ASTOUNDING: 1 + 2 + 3 + 4 + 5 + ... = -1/12

so guys lesson today is if someone offers to give you 1 dollar today 2 dollars tomorrow ect ect dont take the deal since he is obviously trying to steal you

i always multiply both sides by zero. Seems to fix things up pretty well.

My IQ increased by -1/12 after watching this

Mathematics when YouTube removes the dislike button:

After having watched this video for infinite times, I realized that my knowledge had increased by a -1/12 factor every time I watched it.

A simple stack overflow bug.

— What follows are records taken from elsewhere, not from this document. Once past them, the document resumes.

lemma tup_point_torus_coords: "tup_point k (torus_coords k t x) j = torus_act t (tup_point k x j)"
proof
  fix i
  show "tup_point k (torus_coords k t x) j i = torus_act t (tup_point k x j) i"
  proof (cases "i < k")
    case True
    have "tup_point k x j i = line (x (2 * (k * j + i)), x (2 * (k * j + i) + 1))"
      using True by (simp only: tup_point_def if_True)
    then have "torus_act t (tup_point k x j) i = line (x (2 * (k * j + i)), t i * x (2 * (k * j + i) + 1))"
      by (rule torus_act_line)
    moreover have "tup_point k (torus_coords k t x) j i =
        line (x (2 * (k * j + i)), t i * x (2 * (k * j + i) + 1))"
      using True by (simp only: tup_point_def if_True torus_coords_factor)
    ultimately show ?thesis
      by simp
  next
    case False
    then show ?thesis
      by (simp add: tup_point_def torus_act_def)
  qed
qed

lemma tup_set_torus_coords: "tup_set k r (torus_coords k t x) = torus_act t ` tup_set k r x"
  unfolding tup_set_def by (simp add: image_image tup_point_torus_coords)

lemma torus_coords_tup_dom:
  assumes t: "\<forall>i. t i \<noteq> 0" and x: "x \<in> tup_dom k r"
  shows "torus_coords k t x \<in> tup_dom k r"
proof -
  have "torus_coords k t x \<in> affsp (2 * k * r)"
    using x unfolding tup_dom_def affsp_def torus_coords_def by simp
  moreover have "(torus_coords k t x (2 * (k * j + i)), torus_coords k t x (2 * (k * j + i) + 1)) \<noteq> 0"
    if "j < r" "i < k" for j i
  proof -
    have "(x (2 * (k * j + i)), x (2 * (k * j + i) + 1)) \<noteq> 0"
      using x that unfolding tup_dom_def by blast
    then show ?thesis
      using t unfolding torus_coords_factor[OF that(2)] by (simp add: zero_prod_def)
  qed
  moreover have "tup_point k (torus_coords k t x) j \<noteq> tup_point k (torus_coords k t x) j'"
    if "j < r" "j' < r" "j \<noteq> j'" for j j'
    using x that unfolding tup_dom_def tup_point_torus_coords inj_eq[OF inj_torus_act[OF t]] by blast
  ultimately show ?thesis
    unfolding tup_dom_def by blast
qed

lemma polyfun_comp_torus_coords: "f \<in> polyfun \<Longrightarrow> (\<lambda>x. f (torus_coords k t x)) \<in> polyfun"
  unfolding torus_coords_def by (rule polyfun_scale_vars)

lemma image_torus_act_topspace:
  assumes t: "\<forall>i. t i \<noteq> 0" and B: "B \<in> topspace (sym_zariski k r)"
  shows "torus_act t ` B \<in> topspace (sym_zariski k r)"
proof -
  obtain x where x: "x \<in> tup_dom k r" "B = tup_set k r x"
    using B unfolding topspace_sym_zariski by blast
  then have "torus_act t ` B = tup_set k r (torus_coords k t x)"
    by (simp add: tup_set_torus_coords)
  then show ?thesis
    unfolding topspace_sym_zariski using torus_coords_tup_dom[OF t x(1)] by (rule image_eqI)
qed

God will patch it in the next update.

The analytic continuation of the Riemann Zeta function does indeed map -1 to -1/12, however this does not mean that the sum of all positive integers is -1/12. The whole point of analytic continuation is to extend the function to the domain where the original function is divergent, and after doing that u CANNOT say that the original function maps the analytically continued domain to all these extended points

We were allowed to make an intuitive conclusion about 1-1+1-1…, but weren’t allowed to make a much more intuitive conclusion about 1+2+3…

Top 10 pranks that went too far.

Me before watching this video: liar Me after watching this video: cheater

It seems like there's all kinds of tricks you can pull to get whatever result you want, once you throw rigor out the window. For example, he took the average of 1 + 1 - 1 + ... to get 1/2. You could also do this: 1 - 1 + 1 - 1 ... = (1 + 1 + 1 ...) + (-1 - 1 - 1 ...) = (1 + 1 + 1...) - (1 + 1 + 1...) = 0

I think the biggest assumption is that S1 is 1/2 which I think is the reason why we got all the natural numbers sum to -1/12

Let me prove that 1 = 0, using this premise: S1 = 1 + 2 + 3 + 4 + 5 ... = - 1/12 S1 - S1 = 1 + 2 + 3 + 4 + 5 + 6 ... - 1 - 2 - 3 - 4 - 5 ... = 1 + 1 + 1 + 1 + 1 + 1 ... Since S1 - S1 = - 1/12 - (- 1/12) = 0 It follows that 1 + 1 + 1 + 1 + 1 .... = 0 Let's name this sequence S2: S2 = 1 + 1 + 1 + 1 + 1 ... = 0 Now let's subtract it from itself: S2 - S2 = 1 + 1 + 1 + 1 + 1 ... - 1 - 1 - 1 - 1 .... = 1 Given that S2 equals 0, we can also write this as: 0 - 0 = 1 Which implies that 1 = 0.

To quote a math teacher from my uni: "It's extremely unpleasant to approximate solutions that don't exist."

Trolley Problem: A trolley is on a track headed towards one person, and after this one person is two people, and after that is 3 people, and so on. You can flip a lever to send the trolley onto an empty track. Do you flip the lever?

The limit of the sequence of partial sums of the sequence is not 1/2. It does not exist. Stick to physics.

Tony: "The answer can be either 1 or 0, so we take the average 1/2 Me: "Ok, now that's where you screwed up"

This video represents negative knowledge; if you watch it, you will know less about mathematics than when you started.

This is definitely mathematical hocus-pocus, as one of the primary postulates of mathematics is that the sum of two positive numbers is a positive number. That being true the sum of any number of positive numbers is also a positive number. That being true the sum of all positive numbers is also a positive number. I'm not sure what happened here that allows you to get this obviously incorrect answer oh, but it is obviously incorrect

Mathematician: *calculates something, result doesn't make any sense.* Mathematician: "I define this as correct."